This document describes architectural aspects of developing (for) Skogul. You should read CODE_OF_CONDUCT.md and CONTRIBUTING first.
This document is meant to guide, not dictate.
Senders, receivers, transformers and parsers are written to be isolated and modularized. All four are modules and have configuration.
A module should not be concerned with the inner workings of any other module. A module should never modify data outside its own data. And a sender should never rely on data that is not directly sent to it.
Ideally, it should be impossible for a module to access any data that it shouldn't have access to. Alas, that is not always achievable. As such, even if there are global data structures available, do not use them in a module.
More specifically, the division of labor is:
If it is possible to configure a module in a way that is invalid, you must check for this. Where reasonable, this should be done in a Verify() function _and_ at run-time. The run-time check can be skipped if it is expensive.
The Verify() function of a module should never change state, and must be safe to repeat. It should verify the validity of the configuration, but it should accept configuration that currently doesn't work, but might work in the future. E.g.: If you rely on a database, Verify() can check that the required connection paramaters are present, but should not fail if connecting to the database is unsuccessful. At the very least, that should be configurable. This is to ensure that Skogul will start even if the external systems are not currently available.
Receivers is where data/metrics originates. Typically from outside sources, but theoretically from internal sources (e.g.: test-data or log-data).
Receivers should not parse that data if at all possible. That is the job of a parser, as configured through a handler. This is to ensure maximum flexibility in the future: If we can accept data on UDP we can accept it both as JSON-encoded data and telemetry data.
Receivers should, by default, use multiple go routines where it makes sense. Receivers should, where possible, expose sender-errors to the caller, unless configured to do otherwise.
Receivers should never use global scope. Multiple instances of the same receiver implementation, with different configuration, might be configured. In fact, this is common.
This one is tricky.
Transformers can mutate containers and metrics. The mutated result should be valid.
Transformers must be concurrency-safe. But obviously only one transformer will work on one container at the same time.
Transformers can copy data, modify data and more. But it is important that the resulting metrics do not have multiple references to the same data. If they do, this creates a problem if an other transformer subsequently tries to modify the content of one of the references - it will unintentionally also modify the other reference.
Senders. Never. Modify. Containers. Ever.
Senders must be concurrency-safe. They can and will be accessed in multiple go-routines at the same time.
Senders should never log data if they also return an error. This still happens for historical reasons and creates a mess of duplicated error messages. Instead, wrap the error. Whoever used the handler (presumably a receiver) will log the top-most error. Exceptions can be made, e.g.: When a sender disconnects it's Send() function from the receiver (like the batch sender).

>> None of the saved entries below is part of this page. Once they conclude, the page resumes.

(* Let $p$ be an odd prime with $p\equiv 3\pmod 4$. Then for any odd Dirichlet characters $\chi_1,\chi_2$ modulo $p$ with $\chi_1\chi_2\neq\chi_0$, $$\sum_{a=0}^{p-1}\sum_{b=0}^{p-1}\sum_{c=0}^{p-1}\sum_{d=0}^{p-1}\overline{\chi_1}\,\overline{\chi_2}(a^5+b^5-c^5-d^5)\,\chi_1\chi_2(a+b-c-d)=0.$$
   Context: $\chi_0$ denotes the principal character modulo $p$. A character $\chi$ is odd if $\chi(-1)=-1$. Dirichlet characters modulo $p$ are extended by $\chi(x)=0$ when $p\mid x$, and $\overline{\chi}$ denotes the complex conjugate character; $\overline{\chi_1}\,\overline{\chi_2}(x)$ means $\overline{\chi_1}(x)\overline{\chi_2}(x)$. *)

theory Defs
  imports "HOL-Analysis.Analysis" "HOL-Number_Theory.Number_Theory"
begin

definition dirichlet_char :: "int \<Rightarrow> (int \<Rightarrow> complex) \<Rightarrow> bool" where
  "dirichlet_char n chi \<longleftrightarrow>
     (\<forall>a b. chi (a * b) = chi a * chi b) \<and>
     (\<forall>a. chi (a + n) = chi a) \<and>
     (\<forall>a. chi a = 0 \<longleftrightarrow> \<not> coprime a n)"

definition principal_char :: "int \<Rightarrow> int \<Rightarrow> complex" where
  "principal_char n a = (if coprime a n then 1 else 0)"

definition odd_char :: "(int \<Rightarrow> complex) \<Rightarrow> bool" where
  "odd_char chi \<longleftrightarrow> chi (-1) = -1"

end

theory Submission
  imports Defs
begin

text \<open>Only the even non-principal character \<psi> = \<chi>1 \<chi>2 enters the sum. Substituting
  (t a, t b, t c, t d) for a unit t permutes the summation range and multiplies every term by
  cnj(\<psi> t)^5 \<psi> t = cnj(\<psi> t)^4, so the sum vanishes as soon as \<psi>(t)^4 \<noteq> 1 for some t.
  Such a t exists: by Euler's criterion t^((p-1)/2) \<equiv> \<plusminus>1 (mod p), so the values of the even
  character \<psi> are ((p-1)/2)-th roots of unity; for p \<equiv> 3 (mod 4) this order is odd, hence
  coprime to 4, and \<psi>^4 = 1 would force \<psi> to be principal.\<close>

lemma dirichlet_char_mult: "dirichlet_char n chi \<Longrightarrow> chi (a * b) = chi a * chi b"
  unfolding dirichlet_char_def by simp

lemma dirichlet_char_eq_0_iff: "dirichlet_char n chi \<Longrightarrow> chi a = 0 \<longleftrightarrow> \<not> coprime a n"
  unfolding dirichlet_char_def by simp

lemma dirichlet_char_add_mult:
  assumes "dirichlet_char n chi"
  shows "chi (a + k * n) = chi a"
proof (induction k rule: int_induct[where k = 0])
  case (step1 i)
  have "chi (a + (i + 1) * n) = chi ((a + i * n) + n)" by (simp add: algebra_simps)
  with step1 assms show ?case by (simp add: dirichlet_char_def)
next
  case (step2 i)
  have "chi (a + i * n) = chi ((a + (i - 1) * n) + n)" by (simp add: algebra_simps)
  with step2 assms show ?case by (simp add: dirichlet_char_def)
qed simp

lemma dirichlet_char_cong:
  assumes "dirichlet_char n chi" "[a = b] (mod n)"
  shows "chi a = chi b"
proof -
  obtain k where "b = a + n * k" using assms(2) by (auto simp: cong_iff_lin)
  then show ?thesis by (simp add: dirichlet_char_add_mult[OF assms(1)] mult.commute)
qed

lemma dirichlet_char_one:
  assumes "dirichlet_char n chi"
  shows "chi 1 = 1"
proof -
  have "chi 1 * chi 1 = chi 1" using dirichlet_char_mult[OF assms, of 1 1] by simp
  moreover have "chi 1 \<noteq> 0" using dirichlet_char_eq_0_iff[OF assms] by simp
  ultimately show ?thesis by simp
qed

lemma dirichlet_char_power:
  assumes "dirichlet_char n chi"
  shows "chi (a ^ k) = chi a ^ k"
  by (induction k) (simp_all add: dirichlet_char_one[OF assms] dirichlet_char_mult[OF assms])

lemma dirichlet_char_times:
  assumes "dirichlet_char n chi1" "dirichlet_char n chi2"
  shows "dirichlet_char n (\<lambda>x. chi1 x * chi2 x)"
  using assms by (simp add: dirichlet_char_def mult_ac)

lemma principal_charI:
  assumes "dirichlet_char n chi" "\<And>a. coprime a n \<Longrightarrow> chi a = 1"
  shows "chi = principal_char n"
  using assms dirichlet_char_eq_0_iff[OF assms(1)] by (auto simp: principal_char_def)

lemma dirichlet_char_power_totient:
  assumes "dirichlet_char n chi" "n > 1" "coprime a n"
  shows "chi a ^ totient (nat n) = 1"
proof -
  interpret residues n "residue_ring n" by unfold_locales fact
  have "chi a ^ totient (nat n) = chi (a ^ totient (nat n))"
    by (simp add: dirichlet_char_power[OF assms(1)])
  also have "\<dots> = chi 1"
    by (rule dirichlet_char_cong[OF assms(1) euler_theorem[OF assms(3)]])
  finally show ?thesis by (simp add: dirichlet_char_one[OF assms(1)])
qed

lemma dirichlet_char_cnj_mult_self:
  assumes "dirichlet_char n chi" "n > 1" "coprime a n"
  shows "cnj (chi a) * chi a = 1"
proof -
  have "norm (chi a) = 1"
    using power_eq_1_iff[OF dirichlet_char_power_totient[OF assms]] assms(2) by simp
  then show ?thesis by (metis complex_norm_square mult.commute of_real_1 power_one)
qed

lemma even_dirichlet_char_power_half:
  assumes "dirichlet_char p chi" "prime p" "p > 2" "chi (-1) = 1" "coprime a p"
  shows "chi a ^ ((nat p - 1) div 2) = 1"
proof -
  have "[Legendre a p = a ^ ((nat p - 1) div 2)] (mod p)"
    using euler_criterion[of "nat p" a] assms(2,3) by simp
  moreover have "Legendre a p = 1 \<or> Legendre a p = -1"
    using assms(2,5) by (auto simp: Legendre_def cong_0_iff dest: coprime_common_divisor not_prime_unit)
  ultimately have "chi (a ^ ((nat p - 1) div 2)) = 1"
    using dirichlet_char_cong[OF assms(1)] dirichlet_char_one[OF assms(1)] assms(4) by metis
  then show ?thesis by (simp add: dirichlet_char_power[OF assms(1)])
qed

lemma eq_1_if_power_4_and_odd_power_eq_1:
  fixes x :: "'a::monoid_mult"
  assumes "x ^ 4 = 1" "x ^ m = 1" "odd m"
  shows "x = 1"
proof -
  obtain k where m: "m = 2 * k + 1" using assms(3) oddE by blast
  have "m * 2 = 4 * k + 2" using m by simp
  then have "(x ^ m) ^ 2 = x ^ (4 * k + 2)" by (simp only: power_mult[symmetric])
  also have "\<dots> = x ^ 2" by (simp only: power_add power_mult assms(1) power_one mult_1_left)
  finally have "x ^ 2 = 1" using assms(2) by simp
  have "x = (x ^ 2) ^ k * x" using \<open>x ^ 2 = 1\<close> by simp
  also have "\<dots> = x ^ m" by (simp flip: power_mult power_Suc2 add: m)
  finally show ?thesis using assms(2) by simp
qed

lemma even_nonprincipal_char_value_not_power_4_eq_1:
  assumes "prime p" "p mod 4 = 3" "dirichlet_char p chi" "chi (-1) = 1"
    and "chi \<noteq> principal_char p"
  obtains t where "coprime t p" "chi t ^ 4 \<noteq> 1"
proof -
  have "odd ((n - 1) div 2)" if "n mod 4 = 3" for n :: nat
    using that unfolding even_iff_mod_2_eq_zero by presburger
  moreover have "nat p mod 4 = 3"
    using assms(1,2) nat_mod_distrib[of p 4] by (simp add: prime_ge_0_int)
  ultimately have "odd ((nat p - 1) div 2)" by blast
  moreover have "p > 2" using prime_ge_2_int[OF assms(1)] assms(2) by (cases "p = 2") auto
  ultimately have "chi t = 1" if "coprime t p" "chi t ^ 4 = 1" for t
    using that assms(1,3,4) even_dirichlet_char_power_half eq_1_if_power_4_and_odd_power_eq_1
    by metis
  then show ?thesis using that assms(3,5) principal_charI by blast
qed

lemma bij_betw_mult_mod:
  fixes n t :: int
  assumes "n > 0" "coprime t n"
  shows "bij_betw (\<lambda>x. t * x mod n) {0..n-1} {0..n-1}"
proof -
  have inj: "inj_on (\<lambda>x. t * x mod n) {0..n-1}"
  proof (rule inj_onI)
    fix x y assume "x \<in> {0..n-1}" "y \<in> {0..n-1}" "t * x mod n = t * y mod n"
    then show "x = y"
      using cong_mult_lcancel[OF assms(2)] cong_less_imp_eq_int[of x n y]
      by (auto simp: cong_def)
  qed
  have "(\<lambda>x. t * x mod n) ` {0..n-1} \<subseteq> {0..n-1}"
    using assms(1) by (auto simp: pos_mod_bound[OF assms(1), THEN zle_diff1_eq[THEN iffD2]])
  with inj show ?thesis by (simp add: bij_betw_def endo_inj_surj)
qed

lemma sum4_reindex_bij_betw:
  assumes "bij_betw h A A"
  shows "(\<Sum>a\<in>A. \<Sum>b\<in>A. \<Sum>c\<in>A. \<Sum>d\<in>A. F (h a) (h b) (h c) (h d))
       = (\<Sum>a\<in>A. \<Sum>b\<in>A. \<Sum>c\<in>A. \<Sum>d\<in>A. F a b c d)"
proof -
  have R: "(\<Sum>x\<in>A. g (h x)) = (\<Sum>x\<in>A. g x)" for g :: "'a \<Rightarrow> 'b"
    by (rule sum.reindex_bij_betw[OF assms])
  have "(\<Sum>d\<in>A. F (h a) (h b) (h c) (h d)) = (\<Sum>d\<in>A. F (h a) (h b) (h c) d)" for a b c
    by (rule R)
  moreover have "(\<Sum>c\<in>A. \<Sum>d\<in>A. F (h a) (h b) (h c) d)
      = (\<Sum>c\<in>A. \<Sum>d\<in>A. F (h a) (h b) c d)" for a b
    by (rule R)
  moreover have "(\<Sum>b\<in>A. \<Sum>c\<in>A. \<Sum>d\<in>A. F (h a) (h b) c d)
      = (\<Sum>b\<in>A. \<Sum>c\<in>A. \<Sum>d\<in>A. F (h a) b c d)" for a
    by (rule R)
  moreover have "(\<Sum>a\<in>A. \<Sum>b\<in>A. \<Sum>c\<in>A. \<Sum>d\<in>A. F (h a) b c d)
      = (\<Sum>a\<in>A. \<Sum>b\<in>A. \<Sum>c\<in>A. \<Sum>d\<in>A. F a b c d)"
    by (rule R)
  ultimately show ?thesis by simp
qed

definition mixed_power_sum :: "int \<Rightarrow> (int \<Rightarrow> complex) \<Rightarrow> nat \<Rightarrow> complex" where
  "mixed_power_sum n chi k = (\<Sum>a=0..n-1. \<Sum>b=0..n-1. \<Sum>c=0..n-1. \<Sum>d=0..n-1.
     cnj (chi (a^k + b^k - c^k - d^k)) * chi (a + b - c - d))"

lemma mixed_power_sum_scale:
  assumes "dirichlet_char n chi" "n > 0" "coprime t n"
  shows "mixed_power_sum n chi k = cnj (chi t) ^ k * chi t * mixed_power_sum n chi k"
proof -
  define h where "h x = t * x mod n" for x
  define F where "F a b c d = cnj (chi (a^k + b^k - c^k - d^k)) * chi (a + b - c - d)" for a b c d
  have F_h: "F (h a) (h b) (h c) (h d) = cnj (chi t) ^ k * chi t * F a b c d" for a b c d
  proof -
    have h_cong: "[h x = t * x] (mod n)" for x by (simp add: h_def cong_def)
    have "[h a ^ k + h b ^ k - h c ^ k - h d ^ k = (t*a)^k + (t*b)^k - (t*c)^k - (t*d)^k] (mod n)"
      by (intro cong_add cong_diff cong_pow h_cong)
    then have "[h a ^ k + h b ^ k - h c ^ k - h d ^ k = t ^ k * (a^k + b^k - c^k - d^k)] (mod n)"
      by (simp add: power_mult_distrib algebra_simps)
    moreover have "[h a + h b - h c - h d = t*a + t*b - t*c - t*d] (mod n)"
      by (intro cong_add cong_diff h_cong)
    then have "[h a + h b - h c - h d = t * (a + b - c - d)] (mod n)"
      by (simp add: algebra_simps)
    ultimately show ?thesis
      by (simp add: F_def dirichlet_char_cong[OF assms(1)] dirichlet_char_mult[OF assms(1)]
          dirichlet_char_power[OF assms(1)])
  qed
  have "mixed_power_sum n chi k
      = (\<Sum>a=0..n-1. \<Sum>b=0..n-1. \<Sum>c=0..n-1. \<Sum>d=0..n-1. F (h a) (h b) (h c) (h d))"
    unfolding mixed_power_sum_def F_def
    by (rule sum4_reindex_bij_betw[symmetric]) (use bij_betw_mult_mod[OF assms(2,3)] h_def in simp)
  also have "\<dots> = cnj (chi t) ^ k * chi t * mixed_power_sum n chi k"
    unfolding F_h by (simp add: mixed_power_sum_def F_def sum_distrib_left)
  finally show ?thesis .
qed

lemma mixed_power_sum_5_eq_0:
  assumes "prime p" "p mod 4 = 3" "dirichlet_char p chi" "chi (-1) = 1"
    and "chi \<noteq> principal_char p"
  shows "mixed_power_sum p chi 5 = 0"
proof -
  obtain t where t: "coprime t p" "chi t ^ 4 \<noteq> 1"
    using even_nonprincipal_char_value_not_power_4_eq_1[OF assms] .
  have p: "p > 1" using prime_gt_1_int[OF assms(1)] .
  have "cnj (chi t) ^ 5 * chi t = cnj (chi t ^ 4) * (cnj (chi t) * chi t)"
    by (simp add: eval_nat_numeral)
  also have "\<dots> = cnj (chi t ^ 4)"
    by (simp add: dirichlet_char_cnj_mult_self[OF assms(3) p t(1)])
  finally have "mixed_power_sum p chi 5 = cnj (chi t ^ 4) * mixed_power_sum p chi 5"
    using mixed_power_sum_scale[OF assms(3) _ t(1), of 5] p by simp
  moreover have "cnj (chi t ^ 4) \<noteq> 1" using t(2) by (metis complex_cnj_cnj complex_cnj_one)
  ultimately show ?thesis by (metis mult_cancel_right1)
qed

theorem lemma2p4:
  fixes p :: int and chi1 chi2 :: "int \<Rightarrow> complex"
  assumes "prime p" and "odd p" and "p mod 4 = 3"
    and "dirichlet_char p chi1" and "dirichlet_char p chi2"
    and "odd_char chi1" and "odd_char chi2"
    and "(\<lambda>x. chi1 x * chi2 x) \<noteq> principal_char p"
  shows "(\<Sum>a=0..p-1. \<Sum>b=0..p-1. \<Sum>c=0..p-1. \<Sum>d=0..p-1.
            cnj (chi1 (a^5 + b^5 - c^5 - d^5)) * cnj (chi2 (a^5 + b^5 - c^5 - d^5))
            * (chi1 (a + b - c - d) * chi2 (a + b - c - d))) = 0"
proof -
  have "dirichlet_char p (\<lambda>x. chi1 x * chi2 x)"
    using assms(4,5) by (rule dirichlet_char_times)
  moreover have "chi1 (-1) * chi2 (-1) = 1"
    using assms(6,7) by (simp add: odd_char_def)
  ultimately have "mixed_power_sum p (\<lambda>x. chi1 x * chi2 x) 5 = 0"
    using mixed_power_sum_5_eq_0[OF assms(1,3) _ _ assms(8)] by simp
  then show ?thesis by (simp add: mixed_power_sum_def)
qed

end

Other than that, they are fairly unrestrained.
We currently use logrus.
Each module should acquire a logger that indicates the type of code it is, and the name of the implementation. Use additional fields where it makes sense. Recently, the skogul.Identity[] map was added, which allows a module to include it's own configured name, and modules should do this whenever possible, but it isn't _yet_ done extensively.
Ideally, what to log should be self-explanatory from the regular log levels. They range from:
- error
- Something is very wrong. E.g.: Failure to connect to required services. Expect loss of service.
- warn
- Something is somewhat wrong. Expect reduced service. E.g.: Connection to external service was OK, but the service didn't accept our data. Disconnected from service, but reconnect worked. Also useful for configuration issues that are valid, but likely problematic. E.g.: transmitting passwords in plain-text.
- info
- Moderate issues and general information. E.g.: Connection successful for persistent connections (e.g.: database connections). Initialization chatter.
- debug
- We get chatty. Details of config parsing/validation. We want debug to be something you can run in production if you are seeing periodic issues, but not something you need or generally want.
- trace/verbose
- Used for development and bug-hunting. Details of code paths that are valid, etc. Should not be needed for any regular user.
Some items are left out: request-oriented logs.
Receivers should not log OK requests by default, but logging failed requests is acceptable. Logging OK requests can be provided as a configuration option. This is to ensure that things do not explode on high-throughput installations.
A request-log receiver might be reasonably in the future. E.g.: An internal receiver where any other receiver send request log items.
Similar practices should apply to senders and transformers.
If a module returns an error, it should either NOT log, or log at trace. If a module uses an other module and the child-module fails, the parent-module should:
- Not log, or log at trace, if it propagates the error upward (e.g.: returns error).
- Log Info at most if it knows how to handle an error and that succeeds, e.g. if the Fallback sender first tries sender A, which fails, then tries sender B, that succeeds, this is typically Info.
- Log Warn at most if it can't recover from the error and isn't propagating it. E.g.: The batch sender.
These rules are not absolute and certainly not implemented all over yet, but should be a starting point.